Con el cómputo en paralelo, estos trabajos se lograron facilitar en gran medida, y cualquier equipo del 2010 en adelante es capaz de trabajar con millones de datos en segundos.
¿Y la estadística predictiva? En este caso. Las técnicas de predicción también existen desde hace décadas. Los diferentes tipos de regresiones, modelos de clasificación, modelos de tokenizacion y agrupación. Pero tenían el mismo limitante. Una técnica que sí es moderna son los modelos transformadores que usan los LLM.
Con la evolución del hardware, se crearon programas, y lenguajes de programación, que facilitaban el trabajo de datos. En particular Python, por sus capacidades de scripting y ambientes virtuales, y trabajo sobre librerías de C.
Python es la herramienta perfecta para trabajar rápidamente y distribuir librerías de ciencias, ya que de hecho Python, cuenta con más de un manejado de paquetes centralizado. Que simplifican el trabajo estadístico.
Ya que el trabajo de procesamiento es fácil, cuando en su historia era lento, se ha evolucionado, y se pueden evaluar muchos modelos en paralelo, se puede modificar los datos de forma tal que se creen los mejores valores predictivos.
Ha evolucionado, en forma relativa, la validación y márgenes de error de los modelos, el cálculo del sesgo, y las técnicas matemáticamente demostradas de demostrar la realidad sin aprender los datos por sí mismos.
Lo que no ha evolucionado: es la recolección de datos, normalmente siempre se olvida que la parte más importante de la ciencia de datos, es la recolección y etiquetado de datos. Que el dato sea valioso y signifique.
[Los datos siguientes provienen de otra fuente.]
definition mu_distributed :: "('a list \<Rightarrow> real) \<Rightarrow> (nat \<Rightarrow> 'a) \<Rightarrow> bool" where
  "mu_distributed \<mu> \<alpha> \<longleftrightarrow>
     (\<forall>w. w \<noteq> [] \<longrightarrow>
        (\<lambda>N. real (occ_count w (prefix_seq \<alpha> N)) / real N) \<longlonglongrightarrow> \<mu> w)"

definition selected_pos :: "'a list set \<Rightarrow> (nat \<Rightarrow> 'a) \<Rightarrow> nat set" where
  "selected_pos S \<alpha> = {i. prefix_seq \<alpha> i \<in> S}"

definition select_seq :: "'a list set \<Rightarrow> (nat \<Rightarrow> 'a) \<Rightarrow> nat \<Rightarrow> 'a" where
  "select_seq S \<alpha> = \<alpha> \<circ> enumerate (selected_pos S \<alpha>)"

definition postnikova :: "'a list \<Rightarrow> 'a list set" where
  "postnikova w = {v @ w | v. True}"

end

theory Submission
  imports Defs
begin

text \<open>The letters selected by the Postnikova strategy for \<open>w\<close> are exactly the letters that follow
  an occurrence of \<open>w\<close>. If \<open>\<alpha>\<close> is \<open>\<mu>\<close>-distributed and \<open>\<mu> w > 0\<close>, the \<open>M\<close>-th selected
  position is about \<open>M / \<mu> w\<close>, so the frequency of a letter \<open>a\<close> in the selected sequence tends
  to \<open>\<mu> (w a) / \<mu> w\<close>. Hence, if for every \<open>w\<close> the selected sequence were again
  \<open>\<mu>\<close>-distributed, then \<open>\<mu> (w a) = \<mu> w \<cdot> \<mu> a\<close> (trivially also when \<open>\<mu> w = 0\<close>), and by
  induction on the length \<open>\<mu>\<close> would be induced by the Bernoulli distribution \<open>a \<mapsto> \<mu> a\<close>.\<close>

lemma take_drop_prefix_seq:
  "k + L \<le> N \<Longrightarrow> take L (drop k (prefix_seq \<alpha> N)) = map \<alpha> [k..<k + L]"
  by (simp add: prefix_seq_def drop_map take_map)

lemma length_prefix_seq [simp]: "length (prefix_seq \<alpha> N) = N"
  by (simp add: prefix_seq_def)

lemma occ_count_prefix_seq:
  "occ_count w (prefix_seq \<alpha> N) = card {k. k + length w \<le> N \<and> map \<alpha> [k..<k + length w] = w}"
  unfolding occ_count_def
  by (rule arg_cong[where f = card]) (auto simp: take_drop_prefix_seq)

lemma map_upt_eq_append_iff:
  "map \<alpha> [k..<k + length (w @ u)] = w @ u \<longleftrightarrow>
     map \<alpha> [k..<k + length w] = w \<and> map \<alpha> [k + length w..<k + length w + length u] = u"
proof -
  have "[k..<k + length (w @ u)] = [k..<k + length w] @ [k + length w..<k + length w + length u]"
    using upt_add_eq_append[of k "k + length w" "length u"] by (simp add: add.assoc)
  then show ?thesis by (simp add: append_eq_append_conv)
qed

lemma prefix_seq_in_postnikova_iff:
  "prefix_seq \<alpha> i \<in> postnikova w \<longleftrightarrow> length w \<le> i \<and> map \<alpha> [i - length w..<i] = w"
proof
  assume "prefix_seq \<alpha> i \<in> postnikova w"
  then obtain v where v: "map \<alpha> [0..<i] = v @ w"
    by (auto simp: postnikova_def prefix_seq_def)
  then have "length v = i - length w" "length w \<le> i"
    by (metis add_diff_cancel_right' le_add2 length_append length_map length_upt minus_nat.diff_0)+
  moreover have "w = drop (length v) (map \<alpha> [0..<i])"
    using v by simp
  ultimately show "length w \<le> i \<and> map \<alpha> [i - length w..<i] = w"
    by (simp add: drop_map)
next
  assume "length w \<le> i \<and> map \<alpha> [i - length w..<i] = w"
  then have "prefix_seq \<alpha> i = map \<alpha> [0..<i - length w] @ w"
    unfolding prefix_seq_def by (metis le_add_diff_inverse2 map_append upt_add_eq_append zero_le)
  then show "prefix_seq \<alpha> i \<in> postnikova w"
    by (auto simp: postnikova_def)
qed

lemma occ_count_append_prefix_seq:
  "occ_count (w @ u) (prefix_seq \<alpha> N) =
     card {i \<in> selected_pos (postnikova w) \<alpha>. i + length u \<le> N \<and> map \<alpha> [i..<i + length u] = u}"
proof -
  let ?L = "length w"
  have "{i \<in> selected_pos (postnikova w) \<alpha>. i + length u \<le> N \<and> map \<alpha> [i..<i + length u] = u}
      = (\<lambda>k. k + ?L) ` {k. k + length (w @ u) \<le> N \<and> map \<alpha> [k..<k + length (w @ u)] = w @ u}"
  proof (intro set_eqI iffI)
    fix i assume "i \<in> {i \<in> selected_pos (postnikova w) \<alpha>. i + length u \<le> N \<and> map \<alpha> [i..<i + length u] = u}"
    then show "i \<in> (\<lambda>k. k + ?L) ` {k. k + length (w @ u) \<le> N \<and> map \<alpha> [k..<k + length (w @ u)] = w @ u}"
      unfolding map_upt_eq_append_iff
      by (intro rev_image_eqI[where x = "i - ?L"]) (auto simp: selected_pos_def prefix_seq_in_postnikova_iff)
  next
    fix i assume "i \<in> (\<lambda>k. k + ?L) ` {k. k + length (w @ u) \<le> N \<and> map \<alpha> [k..<k + length (w @ u)] = w @ u}"
    then show "i \<in> {i \<in> selected_pos (postnikova w) \<alpha>. i + length u \<le> N \<and> map \<alpha> [i..<i + length u] = u}"
      unfolding map_upt_eq_append_iff
      by (auto simp: selected_pos_def prefix_seq_in_postnikova_iff add.commute add.left_commute)
  qed
  then show ?thesis
    by (simp add: occ_count_prefix_seq card_image inj_on_def)
qed

corollary occ_count_prefix_seq_postnikova:
  "occ_count w (prefix_seq \<alpha> N) = card {i \<in> selected_pos (postnikova w) \<alpha>. i \<le> N}"
  using occ_count_append_prefix_seq[of w "[]" \<alpha> N] by simp

corollary occ_count_snoc_prefix_seq_postnikova:
  "occ_count (w @ [a]) (prefix_seq \<alpha> N) = card {i \<in> selected_pos (postnikova w) \<alpha>. i < N \<and> \<alpha> i = a}"
  using occ_count_append_prefix_seq[of w "[a]" \<alpha> N] by (simp add: Suc_le_eq)

lemma prob_map_nonneg: "prob_map \<mu> \<Longrightarrow> 0 \<le> \<mu> w"
  by (cases "w = []") (auto simp: prob_map_def)

lemma occ_count_append_le: "occ_count (w @ u) v \<le> occ_count w v"
  unfolding occ_count_def
proof (rule card_mono)
  show "finite {i. i + length w \<le> length v \<and> take (length w) (drop i v) = w}"
    by (rule finite_subset[of _ "{..length v}"]) auto
  show "{i. i + length (w @ u) \<le> length v \<and> take (length (w @ u)) (drop i v) = w @ u}
        \<subseteq> {i. i + length w \<le> length v \<and> take (length w) (drop i v) = w}"
    by (auto simp: take_add)
qed

lemma mu_distributed_append_le:
  assumes "mu_distributed \<mu> \<alpha>" "w \<noteq> []"
  shows "\<mu> (w @ u) \<le> \<mu> w"
proof (rule LIMSEQ_le)
  show "(\<lambda>N. real (occ_count (w @ u) (prefix_seq \<alpha> N)) / real N) \<longlonglongrightarrow> \<mu> (w @ u)"
       "(\<lambda>N. real (occ_count w (prefix_seq \<alpha> N)) / real N) \<longlonglongrightarrow> \<mu> w"
    using assms by (simp_all add: mu_distributed_def)
  show "\<exists>N. \<forall>n\<ge>N. real (occ_count (w @ u) (prefix_seq \<alpha> n)) / real n
                    \<le> real (occ_count w (prefix_seq \<alpha> n)) / real n"
    by (intro exI allI impI divide_right_mono) (auto simp: occ_count_append_le)
qed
Pero se enseña lo contrario, estoy enfermo, de la cantidad de cursos de datos que te enseñan a obtener resultados rápidos, rellenando, o facilitando la información, dando así, la sensación de resultados. Cuando solo se tiene una respuesta tan válida, como una con datos falsos. En algunos casos la intuición tiene mayor valor, que los datos que representan a personas.
Este problema de recolección siempre ha existido, yo soy partidario que una encuesta de 10 preguntas entregada a 100 personas en la calle, va a tener la misma calidad o realidad, que responder las mismas 1000 preguntas con lanzamientos de un dado.
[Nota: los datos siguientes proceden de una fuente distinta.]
(* Let $\nu$ be a charge on $\mathbb{C}$ satisfying the Blaschke condition near infinity in the upper half-plane, i.e. $$\int_{\mathbb{C}^{\mathrm{up}}\setminus D(r_0)} \operatorname{Im}\frac{1}{\bar z}\, d|\nu|(z)<+\infty\quad\text{for some } r_0>0,$$ and let $\nu^{\overline{\mathrm{up}}}:=\nu|_{\{\operatorname{Im} z\ge 0\}}$ be the restriction of $\nu$ to the closed upper half-plane. Then the balayage $\nu^{\mathrm{bal}}$ of $\nu$ from $\mathbb{C}^{\mathrm{up}}$ is well defined (the defining integral converges absolutely for every bounded Borel set, so $\nu^{\mathrm{bal}}$ is a charge on $\mathbb{C}$), and for all real numbers $-\infty<t_1<t_2<+\infty$ with $t_1t_2\ge 0$, with $x_0:=\frac{t_1+t_2}{2}$, $r:=\frac{t_2-t_1}{2}$, and every $a\in(0,1)$, \begin{multline*} 0\le |\nu^{\mathrm{bal}}|^{\mathbb{R}}(t_2)-|\nu^{\mathrm{bal}}|^{\mathbb{R}}(t_1)\le |\nu^{\overline{\mathrm{up}}}|\bigl(\overline D(x_0,r)\bigr)+\frac{2r}{a|x_0|}\,|\nu^{\overline{\mathrm{up}}}|\Bigl(\overline D\bigl(0,\tfrac{3}{a}|x_0|\bigr)\Bigr)\\ +\frac{r}{(1-a)^2}\int_{|z|\ge |x_0|}\Bigl|\operatorname{Im}\frac1z\Bigr|\,d|\nu^{\overline{\mathrm{up}}}|(z)+r\Bigl(\int_r^{a|x_0|}\frac{|\nu^{\overline{\mathrm{up}}}|(\overline D(x_0,t))}{t^2}\,dt\Bigr)^+, \end{multline*} where $x^+=\max\{x,0\}$ and $\int_r^{s}=-\int_s^r$ if $s<r$.
   Context: A charge on a Borel set $S\subset\mathbb{C}$ is a countably additive function on Borel subsets of $S$ with values in $[-\infty,+\infty]$ that is finite on compact subsets; $|\nu|$ denotes its total variation. $D(z,r)$ is the open disc and $\overline D(z,r)$ the closed disc of centre $z$ and radius $r$, $D(r)=D(0,r)$. $\mathbb{C}^{\mathrm{up}}=\{\operatorname{Im}z>0\}$, $\mathbb{C}_{\overline{\mathrm{lw}}}=\{\operatorname{Im}z\le 0\}$. For $z\in\mathbb{C}^{\mathrm{up}}$ and Borel $B\subset\mathbb{C}$ the harmonic measure is $\omega(z,B)=\frac1\pi\int_{B\cap\mathbb{R}}\frac{\operatorname{Im}z}{(t-\operatorname{Re}z)^2+(\operatorname{Im}z)^2}\,dt$. The balayage of $\nu$ from $\mathbb{C}^{\mathrm{up}}$ is the set function $\nu^{\mathrm{bal}}(B):=\int_{\mathbb{C}^{\mathrm{up}}}\omega(z,B)\,d\nu(z)+\nu(B\cap\mathbb{C}_{\overline{\mathrm{lw}}})$ on Borel sets $B$. For a charge $\mu$ on $\mathbb{C}$, its distribution function on $\mathbb{R}$ is $\mu^{\mathbb{R}}(x)=\mu([0,x])$ for $x\ge0$ and $\mu^{\mathbb{R}}(x)=-\mu([x,0))$ for $x<0$. *)

theory Defs
  imports "HOL-Analysis.Analysis"
begin

text \<open>A charge on the complex plane is represented through its Jordan decomposition:
  a pair of mutually singular Borel measures, both finite on compact sets.
  The charge is nu = nu_p - nu_n and its total variation is nu_p + nu_n.\<close>

definition charge_pair :: "complex measure \<Rightarrow> complex measure \<Rightarrow> bool" where
  "charge_pair np nn \<longleftrightarrow>
     sets np = sets borel \<and> sets nn = sets borel \<and>
     (\<forall>K. compact K \<longrightarrow> emeasure np K < \<infinity> \<and> emeasure nn K < \<infinity>) \<and>
     (\<exists>P \<in> sets borel. emeasure nn P = 0 \<and> emeasure np (UNIV - P) = 0)"

definition upper_open :: "complex set" where
  "upper_open = {z. Im z > 0}"

definition upper_closed :: "complex set" where
  "upper_closed = {z. Im z \<ge> 0}"

definition lower_closed :: "complex set" where
  "lower_closed = {z. Im z \<le> 0}"

text \<open>Harmonic measure of the upper half-plane at z (Im z > 0) of a Borel set B.\<close>
definition harm :: "complex \<Rightarrow> complex set \<Rightarrow> real" where
  "harm z B = (1 / pi) *
     (LINT t : {t. complex_of_real t \<in> B} | lborel.
        Im z / ((t - Re z)\<^sup>2 + (Im z)\<^sup>2))"

definition tv_nu :: "complex measure \<Rightarrow> complex measure \<Rightarrow> complex set \<Rightarrow> ennreal" where
  "tv_nu np nn B = emeasure np B + emeasure nn B"

definition tv_up :: "complex measure \<Rightarrow> complex measure \<Rightarrow> complex set \<Rightarrow> ennreal" where
  "tv_up np nn B = tv_nu np nn (B \<inter> upper_closed)"

definition bal :: "complex measure \<Rightarrow> complex measure \<Rightarrow> complex set \<Rightarrow> real" where
  "bal np nn B =
     (\<integral>z. indicator upper_open z * harm z B \<partial>np)
     - (\<integral>z. indicator upper_open z * harm z B \<partial>nn)
     + measure np (B \<inter> lower_closed) - measure nn (B \<inter> lower_closed)"

definition tv_setfun :: "(complex set \<Rightarrow> real) \<Rightarrow> complex set \<Rightarrow> ereal" where
  "tv_setfun f B =
     (SUP IP \<in> {(I, P). finite (I :: nat set) \<and> disjoint_family_on P I \<and>
                        (\<forall>i\<in>I. P i \<in> sets borel) \<and> (\<Union>i\<in>I. P i) = B}.
        ereal (\<Sum>i\<in>fst IP. \<bar>f (snd IP i)\<bar>))"

definition distR :: "(complex set \<Rightarrow> real) \<Rightarrow> real \<Rightarrow> real" where
  "distR mu x =
     (if x \<ge> 0 then mu (complex_of_real ` {0..x})
      else - mu (complex_of_real ` {x..<0}))"

end

(* Far from the origin
   omega(z, [-R, R]) = O(R Im (1 / z)), so the Blaschke condition makes it finite on bounded sets, and
   monotone convergence gives countable additivity.  The balayage of the charge is the difference of
   the balayages U+ and U- of the two parts of its Jordan decomposition, so its total variation is
   dominated by U+ + U-, and the increment of its distribution function over [t1, t2] is at most
   (U+ + U-)(J) for some Borel set J in [t1, t2].  Finally pi omega(z, [x0 - r, x0 + r]) is the angle
   under which this segment is seen from z; bounding the angle by pi, by pi r / |z - x0| and, far away,
   by O(r Im (1 / z)) yields a pointwise majorant of omega(z, J) + 1_J(z) whose integral against the
   total variation of the charge is the right-hand side.  The term with N(t) / t^2 arises by Tonelli
   from 1 / |z - x0| - 1 / s, the integral of dt / t^2 over [|z - x0|, s]. *)

theory Submission
  imports Defs
begin

section \<open>The angle subtended by a segment\<close>

(* The angle under which the segment [c - r, c + r] is seen from z; by poisson_mass_interval it is
   pi times the harmonic measure of the segment. *)
definition interval_angle :: "complex \<Rightarrow> real \<Rightarrow> real \<Rightarrow> real" where
  "interval_angle z c r = arctan ((c + r - Re z) / Im z) - arctan ((c - r - Re z) / Im z)"

lemma interval_angle_nonneg: "Im z > 0 \<Longrightarrow> 0 \<le> r \<Longrightarrow> 0 \<le> interval_angle z c r"
  by (simp add: interval_angle_def arctan_le_iff divide_right_mono)

lemma interval_angle_le_pi: "interval_angle z c r \<le> pi"
  using arctan_bounded[of "(c + r - Re z) / Im z"] arctan_bounded[of "(c - r - Re z) / Im z"]
  by (simp add: interval_angle_def)

lemma interval_angle_le_outside:
  assumes y: "Im z > 0" and r: "r > 0" and out: "r < cmod (z - of_real c)"
  shows "interval_angle z c r < pi / 2"
    and "interval_angle z c r \<le> 2 * r * Im z / ((cmod (z - of_real c))\<^sup>2 - r\<^sup>2)"
proof -
  define A where "A = (c + r - Re z) / Im z"
  define B where "B = (c - r - Re z) / Im z"
  define \<theta> where "\<theta> = interval_angle z c r"
  have \<theta>: "\<theta> = arctan A - arctan B" by (simp add: \<theta>_def interval_angle_def A_def B_def)
  have \<rho>: "(cmod (z - of_real c))\<^sup>2 = (Re z - c)\<^sup>2 + (Im z)\<^sup>2" by (simp add: cmod_power2)
  have "r\<^sup>2 < (Re z - c)\<^sup>2 + (Im z)\<^sup>2" using out r by (simp flip: \<rho> add: power_strict_mono)
  moreover have AB: "1 + A * B = ((Re z - c)\<^sup>2 + (Im z)\<^sup>2 - r\<^sup>2) / (Im z)\<^sup>2"
    using y by (simp add: A_def B_def field_simps power2_eq_square)
  ultimately have AB_pos: "1 + A * B > 0" using y by simp
  \<comment> \<open>\<open>cos \<theta> > 0\<close> together with \<open>0 \<le> \<theta> \<le> pi\<close> puts \<theta> into \<open>[0, pi/2)\<close>, where \<open>\<theta> \<le> tan \<theta>\<close>.\<close>
  have "cos \<theta> = (1 + A * B) / (sqrt (1 + A\<^sup>2) * sqrt (1 + B\<^sup>2))"
    by (simp add: \<theta> cos_diff cos_arctan sin_arctan add_divide_distrib)
  hence cos_pos: "cos \<theta> > 0" using AB_pos by (simp add: add_pos_nonneg)
  have "0 \<le> \<theta>" "\<theta> \<le> pi"
    using interval_angle_nonneg[OF y, of r c] r interval_angle_le_pi by (auto simp: \<theta>_def)
  show lt: "interval_angle z c r < pi / 2"
  proof (rule ccontr)
    assume "\<not> ?thesis"
    hence "cos \<theta> \<le> cos (pi / 2)"
      using \<open>\<theta> \<le> pi\<close> by (intro cos_monotone_0_pi_le) (auto simp: \<theta>_def)
    thus False using cos_pos by simp
  qed
  have "tan \<theta> = (A - B) / (1 + A * B)"
    unfolding \<theta> by (subst tan_diff) (use cos_pos \<theta> in \<open>auto simp: cos_arctan_not_zero tan_arctan\<close>)
  also have "\<dots> = 2 * r * Im z / ((cmod (z - of_real c))\<^sup>2 - r\<^sup>2)"
    unfolding \<rho> using y by (simp add: A_def B_def field_simps power2_eq_square)
  finally have tan: "tan \<theta> = 2 * r * Im z / ((cmod (z - of_real c))\<^sup>2 - r\<^sup>2)" .
  have "\<theta> = arctan (tan \<theta>)" using \<open>0 \<le> \<theta>\<close> lt by (simp add: \<theta>_def arctan_tan)
  also have "\<dots> \<le> tan \<theta>" using \<open>0 \<le> \<theta>\<close> lt by (intro arctan_le_self tan_pos_pi2_le) (auto simp: \<theta>_def)
  finally show "interval_angle z c r \<le> 2 * r * Im z / ((cmod (z - of_real c))\<^sup>2 - r\<^sup>2)"
    using tan unfolding \<theta>_def by simp
qed

lemma interval_angle_le_far:
  assumes y: "Im z > 0" and r: "r > 0" and far: "2 * r \<le> cmod (z - of_real c)"
  shows "interval_angle z c r \<le> 3 * r * Im z / (cmod (z - of_real c))\<^sup>2"
proof -
  define \<rho> where "\<rho> = cmod (z - of_real c)"
  have "(2 * r)\<^sup>2 \<le> \<rho>\<^sup>2" using far r by (intro power_mono) (auto simp: \<rho>_def)
  hence d: "3/4 * \<rho>\<^sup>2 \<le> \<rho>\<^sup>2 - r\<^sup>2" by (simp add: power_mult_distrib)
  have "r < \<rho>" using far r unfolding \<rho>_def by linarith
  hence pos: "0 < 3/4 * \<rho>\<^sup>2" using r by simp
  have "interval_angle z c r \<le> 2 * r * Im z / (\<rho>\<^sup>2 - r\<^sup>2)"
    using interval_angle_le_outside(2)[OF y r] \<open>r < \<rho>\<close> by (simp add: \<rho>_def)
  also have "\<dots> \<le> 2 * r * Im z / (3/4 * \<rho>\<^sup>2)"
    using d pos y r by (intro divide_left_mono mult_pos_pos; (linarith | simp))
  also have "\<dots> = 8/3 * (r * Im z / \<rho>\<^sup>2)" using pos by (simp add: field_simps)
  also have "\<dots> \<le> 3 * (r * Im z / \<rho>\<^sup>2)" using y r by (intro mult_right_mono) auto
  finally show ?thesis by (simp add: \<rho>_def)
qed

lemma interval_angle_le_ratio:
  assumes y: "Im z > 0" and r: "r > 0" and out: "r < cmod (z - of_real c)"
  shows "interval_angle z c r \<le> pi * r / cmod (z - of_real c)"
proof (cases "2 * r \<le> cmod (z - of_real c)")
  case True
  define \<rho> where "\<rho> = cmod (z - of_real c)"
  have "Im z \<le> \<rho>" using abs_Im_le_cmod[of "z - of_real c"] by (simp add: \<rho>_def)
  hence "3 * r * Im z / \<rho>\<^sup>2 \<le> 3 * r * \<rho> / \<rho>\<^sup>2"
    using r by (intro divide_right_mono mult_left_mono) auto
  also have "\<dots> = 3 * r / \<rho>" by (simp add: power2_eq_square)
  also have "\<dots> \<le> pi * r / \<rho>" using r out pi_gt3 by (simp add: \<rho>_def divide_right_mono)
  finally show ?thesis using interval_angle_le_far[OF y r True] by (simp add: \<rho>_def)
next
  case False
  have "pi / 2 = pi * r / (2 * r)" using r by simp
  also have "\<dots> \<le> pi * r / cmod (z - of_real c)"
    using False out r by (intro divide_left_mono mult_pos_pos) auto
  finally show ?thesis using interval_angle_le_outside(1)[OF y r out] by linarith
qed

section \<open>Poisson integrals of sets of reals\<close>

definition poisson_kernel :: "complex \<Rightarrow> real \<Rightarrow> real" where
  "poisson_kernel z t = Im z / ((t - Re z)\<^sup>2 + (Im z)\<^sup>2)"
En mi opinión es importante evaluar la naturaleza, en vez de a las personas, y en el caso de las personas, solo construir modelos que representen la realidad o las reglas que necesitas. Modelos con el sesgo que represente la intuición. Ya que derivan de la creatividad del negocio.
¿Entonces que hacemos con la ciencia de datos? Nada, la disciplina es genial, es un punto de inicio a la estadística, una profesión que había perdido su auge, como cualquier disciplina tiene técnicas y herramientas, no es la ciencia definitiva, no tiene todas las respuestas, pero puede proveer información interesante y explicar la naturaleza, describir el caos.
Pero no olvidemos sus orígenes y sus razones durante su enseñanza o aprendizaje.